section \<open>The substitution \<open>t = z\<^sub>J\<close>\<close>

lemma E_fun_permute:
  assumes "\<pi> \<in> sym_perms N lam"
  shows "E_fun N lam (\<lambda>k a. t k (\<pi> k a)) h = E_fun N lam t h"
  unfolding E_fun_def
proof (rule prod.cong[OF refl])
  fix k assume "k \<in> {1..N-1}"
  note bij = permutes_imp_bij[OF sym_permsD[OF assms this]]
  show "(\<Prod>a\<in>{1..lamsum lam k}. \<Prod>b\<in>{1..lamsum lam k}. 1 - h * t k (\<pi> k b) / t k (\<pi> k a))
      = (\<Prod>a\<in>{1..lamsum lam k}. \<Prod>b\<in>{1..lamsum lam k}. 1 - h * t k b / t k a)"
    using prod.reindex_bij_betw[OF bij, of "\<lambda>a. \<Prod>b\<in>{1..lamsum lam k}. 1 - h * t k b / t k a"]
      prod.reindex_bij_betw[OF bij, of "\<lambda>b. 1 - h * t k b / t k _"]
    by simp
qed

lemma eventually_prod_ne_0:
  assumes "finite A" "\<forall>i\<in>A. eventually (\<lambda>e. f i e \<noteq> 0) F"
  shows "eventually (\<lambda>e. (\<Prod>i\<in>A. f i e) \<noteq> (0 :: complex)) F"
  using eventually_ball_finite[OF assms] by eventually_elim (simp add: assms(1) prod_zero_iff)

lemma eventually_E_fun_ne_0:
  assumes "\<forall>k\<in>{1..N-1}. \<forall>a\<in>{1..lamsum lam k}. t k a \<noteq> 0"
  shows "eventually (\<lambda>e. E_fun N lam t (h + e) \<noteq> 0) (at 0)"
proof -
  have "eventually (\<lambda>e. 1 - (h + e) * t k b / t k a \<noteq> 0) (at 0)"
    if "k \<in> {1..N-1}" "a \<in> {1..lamsum lam k}" "b \<in> {1..lamsum lam k}" for k a b
  proof -
    have "eventually (\<lambda>e. (1 - h * (t k b / t k a)) + e * (- (t k b / t k a)) \<noteq> 0) (at 0)"
      using assms that by (intro eventually_affine_ne_zero) auto
    then show ?thesis
      by eventually_elim (simp add: divide_inverse algebra_simps)
  qed
  then show ?thesis
    unfolding E_fun_def by (intro eventually_prod_ne_0 finite_atLeastAtMost ballI)
qed

lemma level_diffs_Sigma:
  "level_diffs N lam t = (\<Prod>(k, a, b)\<in>(SIGMA k:{1..N-1}. offdiag (lamsum lam k)). t k a - t k b)"
  unfolding level_diffs_def by (subst prod.Sigma) (auto simp: finite_offdiag split_beta)

lemma U_cleared_eq_0_if_reappears_after:
  assumes "k \<in> {1..N-1}" "a \<in> {1..lamsum lam k}" "c \<in> {1..lamsum lam (k+1)}"
    and "pidx I k a < pidx I (k+1) c" "T (k+1) c = T k a" "T k a \<noteq> 0"
  shows "U_cleared N lam I T h = 0"
proof -
  have "(\<Prod>c\<in>{c\<in>{1..lamsum lam (k+1)}. pidx I k a < pidx I (k+1) c}. 1 - T (k+1) c / T k a) = 0"
    using assms(3-6) by (intro prod_zero bexI[of _ c]) auto
  then show ?thesis
    unfolding U_cleared_def U_cleared_row_def using assms(1,2)
    by (intro prod_zero[OF finite_atLeastAtMost] bexI[of _ k] bexI[of _ a]) simp_all
qed

definition U_cofactor_row :: "(nat \<Rightarrow> nat) \<Rightarrow> (nat \<Rightarrow> nat set) \<Rightarrow> (nat \<Rightarrow> nat) \<Rightarrow>
    (nat \<Rightarrow> nat \<Rightarrow> complex) \<Rightarrow> complex \<Rightarrow> nat \<Rightarrow> nat \<Rightarrow> complex" where
  "U_cofactor_row lam I g T h k a =
     (\<Prod>c\<in>{c\<in>{1..lamsum lam (k+1)}. pidx I (k+1) c < pidx I k a} - g ` {1..a-1}.
        1 - h * T (k+1) c / T k a) *
     (\<Prod>c\<in>{c\<in>{1..lamsum lam (k+1)}. pidx I k a < pidx I (k+1) c}. 1 - T (k+1) c / T k a) *
     T k a ^ (lamsum lam k - a) *
     (\<Prod>b\<in>{1..a-1}. T k a - T k b)"

definition U_cofactor :: "nat \<Rightarrow> (nat \<Rightarrow> nat) \<Rightarrow> (nat \<Rightarrow> nat set) \<Rightarrow> (nat \<Rightarrow> nat \<Rightarrow> nat) \<Rightarrow>
    (nat \<Rightarrow> nat \<Rightarrow> complex) \<Rightarrow> complex \<Rightarrow> complex" where
  "U_cofactor N lam I g T h =
     (\<Prod>k\<in>{1..N-1}. \<Prod>a\<in>{1..lamsum lam k}. U_cofactor_row lam I (g k) T h k a)"

lemma laurent_on_U_cofactor:
  assumes "finite V" "h \<in> V" "\<And>k a. k \<in> {1..N} \<Longrightarrow> a \<in> {1..lamsum lam k} \<Longrightarrow> f k a \<in> V"
  shows "laurent_on V (\<lambda>x. U_cofactor N lam I g (\<lambda>k a. x (f k a)) (x h))"
  unfolding U_cofactor_def U_cofactor_row_def using assms
  by (intro laurent_on_prod laurent_on_mult laurent_on_diff laurent_on_divide_var laurent_on_const
      laurent_on_power laurent_on_var) auto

───

EXERCISE:
Everything from the first line of the records through the line containing "fix k assume" is to be set down exactly, while later lines are left out.

RESULT FOR THIS TASK:
section \<open>The substitution \<open>t = z\<^sub>J\<close>\<close>

lemma E_fun_permute:
  assumes "\<pi> \<in> sym_perms N lam"
  shows "E_fun N lam (\<lambda>k a. t k (\<pi> k a)) h = E_fun N lam t h"
  unfolding E_fun_def
proof (rule prod.cong[OF refl])
  fix k assume "k \<in> {1..N-1}"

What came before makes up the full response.